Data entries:
----

lemma shift_pow_eq_0: "m < k \<Longrightarrow> shift_pow c m k = 0"
  by (simp add: shift_pow_def binomial_eq_0)

lemma shifted_sum_coeff_eq_0:
  "d < k \<Longrightarrow> (\<Sum>s\<le>d. G s * shift_pow c (d - s) k) = (0::'a::ring_1)"
  by (simp add: shift_pow_eq_0)

lemma shifted_sum_coeff:
  fixes G :: "nat \<Rightarrow> 'a::ring_1"
  assumes "m \<le> d"
  shows "(\<Sum>s\<le>d. G s * shift_pow c (d - s) (d - m))
       = (\<Sum>s\<le>m. G s * of_int (c ^ (m - s) * int ((d - s) choose (d - m))))"
proof -
  have "G s * shift_pow c (d - s) (d - m) = 0" if "s \<in> {..d} - {..m}" for s
    using that by (simp add: shift_pow_eq_0 diff_less_mono2)
  then have "(\<Sum>s\<le>d. G s * shift_pow c (d - s) (d - m)) = (\<Sum>s\<le>m. G s * shift_pow c (d - s) (d - m))"
    using assms by (intro sum.mono_neutral_right) auto
  also have "\<dots> = (\<Sum>s\<le>m. G s * of_int (c ^ (m - s) * int ((d - s) choose (d - m))))"
    using assms by (intro sum.cong) (auto simp: shift_pow_def mult.commute)
  finally show ?thesis .
qed

lemma sum_PiE_complement:
  fixes F :: "('b \<Rightarrow> nat) \<Rightarrow> 'a::comm_monoid_add"
  assumes "finite I" "r \<le> sum d I"
  shows "(\<Sum>k\<in>{k\<in>PiE I (\<lambda>i. {..d i}). sum k I = sum d I - r}. F k)
       = (\<Sum>\<mu>\<in>{\<mu>\<in>PiE I (\<lambda>i. {..d i}). sum \<mu> I = r}. F (restrict (\<lambda>i. d i - \<mu> i) I))"
proof -
  define h where "h \<mu> = restrict (\<lambda>i. d i - \<mu> i) I" for \<mu> :: "'b \<Rightarrow> nat"
  have h_PiE: "h \<mu> \<in> PiE I (\<lambda>i. {..d i})" for \<mu>
    by (simp add: h_def)
  have h_h: "h (h \<mu>) = \<mu>" if "\<mu> \<in> PiE I (\<lambda>i. {..d i})" for \<mu>
    using that by (auto simp: h_def PiE_iff extensional_def)
  have sum_h: "sum (h \<mu>) I = sum d I - sum \<mu> I" if "\<mu> \<in> PiE I (\<lambda>i. {..d i})" for \<mu>
  proof -
    have "sum (h \<mu>) I = (\<Sum>i\<in>I. d i - \<mu> i)" by (simp add: h_def)
    also have "\<dots> = sum d I - sum \<mu> I"
      using that by (intro sum_subtractf_nat) (auto simp: PiE_iff)
    finally show ?thesis .
  qed
  have le: "sum \<mu> I \<le> sum d I" if "\<mu> \<in> PiE I (\<lambda>i. {..d i})" for \<mu>
    using that by (intro sum_mono) (auto simp: PiE_iff)
  show ?thesis
    unfolding h_def[symmetric]
    by (rule sum.reindex_bij_witness[where i=h and j=h])
      (use assms h_PiE h_h sum_h le in auto)
qed

lemma ncp_prod_list_shifted_coeff:
  fixes G :: "'b \<Rightarrow> nat \<Rightarrow> 'a::ring_1" and c :: "'b \<Rightarrow> int"
  assumes xs: "distinct xs" and r: "r \<le> sum d (set xs)"
  shows "ncp_prod_list (map (\<lambda>j k. \<Sum>s\<le>d j. G j s * shift_pow (c j) (d j - s) k) xs) (sum d (set xs) - r) =
    (\<Sum>\<mu>\<in>{\<mu>\<in>PiE (set xs) (\<lambda>i. {..d i}). sum \<mu> (set xs) = r}.
      \<Sum>\<nu>\<in>PiE (set xs) (\<lambda>i. {..\<mu> i}).
        of_int (\<Prod>i\<in>set xs. c i ^ (\<mu> i - \<nu> i) * int ((d i - \<nu> i) choose (d i - \<mu> i)))
        * prod_list (map (\<lambda>j. G j (\<nu> j)) xs))"
proof -
  let ?I = "set xs"
  define E where "E = (\<lambda>j k. \<Sum>s\<le>d j. G j s * shift_pow (c j) (d j - s) k)"
  define a where "a \<mu> i s = c i ^ (\<mu> i - s) * int ((d i - s) choose (d i - \<mu> i))" for \<mu> i s
  have expand: "prod_list (map (\<lambda>j. E j (restrict (\<lambda>i. d i - \<mu> i) ?I j)) xs)
      = (\<Sum>\<nu>\<in>PiE ?I (\<lambda>i. {..\<mu> i}). of_int (\<Prod>i\<in>?I. a \<mu> i (\<nu> i)) * prod_list (map (\<lambda>j. G j (\<nu> j)) xs))"
    if "\<mu> \<in> PiE ?I (\<lambda>i. {..d i})" for \<mu>
  proof -
    have "prod_list (map (\<lambda>j. E j (restrict (\<lambda>i. d i - \<mu> i) ?I j)) xs)
        = prod_list (map (\<lambda>j. \<Sum>s\<le>\<mu> j. G j s * of_int (a \<mu> j s)) xs)"
      using that by (intro arg_cong[where f=prod_list] map_cong)
        (auto simp: E_def a_def PiE_iff shifted_sum_coeff)
    also have "\<dots> = (\<Sum>\<nu>\<in>PiE ?I (\<lambda>i. {..\<mu> i}). prod_list (map (\<lambda>j. G j (\<nu> j) * of_int (a \<mu> j (\<nu> j))) xs))"
      by (rule prod_list_sum_distrib_PiE[OF xs]) simp
    also have "\<dots> = (\<Sum>\<nu>\<in>PiE ?I (\<lambda>i. {..\<mu> i}). of_int (\<Prod>i\<in>?I. a \<mu> i (\<nu> i)) * prod_list (map (\<lambda>j. G j (\<nu> j)) xs))"
      by (simp add: prod_list_mult_of_int[OF xs] mult_of_int_commute)
    finally show ?thesis .
  qed
  have "ncp_prod_list (map E xs) (sum d ?I - r) = (\<Sum>k\<in>PiE ?I (\<lambda>j. {..d j}).
      if sum k ?I = sum d ?I - r then prod_list (map (\<lambda>j. E j (k j)) xs) else 0)"
    by (rule ncp_prod_list_coeff[OF xs]) (simp add: E_def shifted_sum_coeff_eq_0)
  also have "\<dots> = (\<Sum>k\<in>{k\<in>PiE ?I (\<lambda>j. {..d j}). sum k ?I = sum d ?I - r}. prod_list (map (\<lambda>j. E j (k j)) xs))"
    by (simp add: sum.inter_filter finite_PiE)
  also have "\<dots> = (\<Sum>\<mu>\<in>{\<mu>\<in>PiE ?I (\<lambda>i. {..d i}). sum \<mu> ?I = r}.
      prod_list (map (\<lambda>j. E j (restrict (\<lambda>i. d i - \<mu> i) ?I j)) xs))"
    by (rule sum_PiE_complement) (use r in auto)
  also have "\<dots> = (\<Sum>\<mu>\<in>{\<mu>\<in>PiE ?I (\<lambda>i. {..d i}). sum \<mu> ?I = r}.
      \<Sum>\<nu>\<in>PiE ?I (\<lambda>i. {..\<mu> i}). of_int (\<Prod>i\<in>?I. a \<mu> i (\<nu> i)) * prod_list (map (\<lambda>j. G j (\<nu> j)) xs))"
    using expand by (intro sum.cong) auto
  finally show ?thesis unfolding E_def a_def .
qed

lemma sum_of_int_mult_nested_sum_commute:
  fixes a :: "'w \<Rightarrow> int" and D :: "'m \<Rightarrow> 'v \<Rightarrow> int" and P :: "'w \<Rightarrow> 'v \<Rightarrow> 'a::ring_1"
  shows "(\<Sum>w\<in>W. of_int (a w) * (\<Sum>\<mu>\<in>M. \<Sum>\<nu>\<in>V \<mu>. of_int (D \<mu> \<nu>) * P w \<nu>))
       = (\<Sum>\<mu>\<in>M. \<Sum>\<nu>\<in>V \<mu>. of_int (D \<mu> \<nu>) * (\<Sum>w\<in>W. of_int (a w) * P w \<nu>))"
proof -
  have "of_int (a w) * (of_int (D \<mu> \<nu>) * P w \<nu>) = of_int (D \<mu> \<nu>) * (of_int (a w) * P w \<nu>)" for w \<mu> \<nu>
    by (simp only: mult.assoc[symmetric] of_int_mult[symmetric] mult.commute[of "a w"])
  then show ?thesis
    by (simp add: sum_distrib_left sum.swap[of _ W])
qed

theorem lemma3p5:
  fixes n :: nat and lam :: "nat \<Rightarrow> nat" and T :: "nat \<Rightarrow> nat \<Rightarrow> nat \<Rightarrow> 'a::ring_1"
    and r :: nat
  assumes pos: "\<And>i. i \<in> {1..n} \<Longrightarrow> 0 < lam i"
    and mono: "\<And>i j. i \<in> {1..n} \<Longrightarrow> j \<in> {1..n} \<Longrightarrow> i \<le> j \<Longrightarrow> lam i \<le> lam j"
    and T0: "\<And>i j. T i j 0 = (if i = j then 1 else 0)"
    and Tvan: "\<And>i j s. i \<in> {1..n} \<Longrightarrow> j \<in> {1..n} \<Longrightarrow> lam j < s \<Longrightarrow> T i j s = 0"
    and r: "1 \<le> r" "r \<le> (\<Sum>i=1..n. lam i)"
  shows "Zcoeff n lam T r =
    (\<Sum>\<mu> \<in> {\<mu> \<in> PiE {1..n} (\<lambda>i. {..lam i}). (\<Sum>i=1..n. \<mu> i) = r}.
      \<Sum>\<nu> \<in> PiE {1..n} (\<lambda>i. {..\<mu> i}).
        of_int (\<Prod>i=1..n. (1 - int i) ^ (\<mu> i - \<nu> i) * int ((lam i - \<nu> i) choose (lam i - \<mu> i)))
        * (\<Sum>w | w permutes {1..n}.
             of_int (sign w) * prod_list (map (\<lambda>j. T (w j) j (\<nu> j)) [1..<n+1])))"
proof -
  have idx: "set [1..<n+1] = {1..n}" by auto
  have "Zcoeff n lam T r = (\<Sum>w | w permutes {1..n}. of_int (sign w) *
      ncp_prod_list (map (\<lambda>j k. \<Sum>s\<le>lam j. T (w j) j s * shift_pow (1 - int j) (lam j - s) k)
        [1..<n+1]) (sum lam {1..n} - r))"
    unfolding Zcoeff_def Zpoly_def Zentry_def ..
  also have "\<dots> = (\<Sum>w | w permutes {1..n}. of_int (sign w) *
      (\<Sum>\<mu> \<in> {\<mu> \<in> PiE {1..n} (\<lambda>i. {..lam i}). (\<Sum>i=1..n. \<mu> i) = r}.
        \<Sum>\<nu> \<in> PiE {1..n} (\<lambda>i. {..\<mu> i}).
          of_int (\<Prod>i=1..n. (1 - int i) ^ (\<mu> i - \<nu> i) * int ((lam i - \<nu> i) choose (lam i - \<mu> i)))
          * prod_list (map (\<lambda>j. T (w j) j (\<nu> j)) [1..<n+1])))"
    using r(2)
    by (simp only: ncp_prod_list_shifted_coeff[where d=lam and xs="[1..<n+1]", OF distinct_upt, unfolded idx])
  also note sum_of_int_mult_nested_sum_commute
  finally show ?thesis .
qed

end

----

_Activity:_
Copy the lines of the data above exactly as written, beginning with the line containing "by (simp add: shift_pow_def binomial_eq_0)" and ending with the line containing "using that by (auto", and leave out all other lines.

_Solution:_
  by (simp add: shift_pow_def binomial_eq_0)

lemma shifted_sum_coeff_eq_0:
  "d < k \<Longrightarrow> (\<Sum>s\<le>d. G s * shift_pow c (d - s) k) = (0::'a::ring_1)"
  by (simp add: shift_pow_eq_0)

lemma shifted_sum_coeff:
  fixes G :: "nat \<Rightarrow> 'a::ring_1"
  assumes "m \<le> d"
  shows "(\<Sum>s\<le>d. G s * shift_pow c (d - s) (d - m))
       = (\<Sum>s\<le>m. G s * of_int (c ^ (m - s) * int ((d - s) choose (d - m))))"
proof -
  have "G s * shift_pow c (d - s) (d - m) = 0" if "s \<in> {..d} - {..m}" for s
    using that by (simp add: shift_pow_eq_0 diff_less_mono2)
  then have "(\<Sum>s\<le>d. G s * shift_pow c (d - s) (d - m)) = (\<Sum>s\<le>m. G s * shift_pow c (d - s) (d - m))"
    using assms by (intro sum.mono_neutral_right) auto
  also have "\<dots> = (\<Sum>s\<le>m. G s * of_int (c ^ (m - s) * int ((d - s) choose (d - m))))"
    using assms by (intro sum.cong) (auto simp: shift_pow_def mult.commute)
  finally show ?thesis .
qed

lemma sum_PiE_complement:
  fixes F :: "('b \<Rightarrow> nat) \<Rightarrow> 'a::comm_monoid_add"
  assumes "finite I" "r \<le> sum d I"
  shows "(\<Sum>k\<in>{k\<in>PiE I (\<lambda>i. {..d i}). sum k I = sum d I - r}. F k)
       = (\<Sum>\<mu>\<in>{\<mu>\<in>PiE I (\<lambda>i. {..d i}). sum \<mu> I = r}. F (restrict (\<lambda>i. d i - \<mu> i) I))"
proof -
  define h where "h \<mu> = restrict (\<lambda>i. d i - \<mu> i) I" for \<mu> :: "'b \<Rightarrow> nat"
  have h_PiE: "h \<mu> \<in> PiE I (\<lambda>i. {..d i})" for \<mu>
    by (simp add: h_def)
  have h_h: "h (h \<mu>) = \<mu>" if "\<mu> \<in> PiE I (\<lambda>i. {..d i})" for \<mu>
    using that by (auto simp: h_def PiE_iff extensional_def)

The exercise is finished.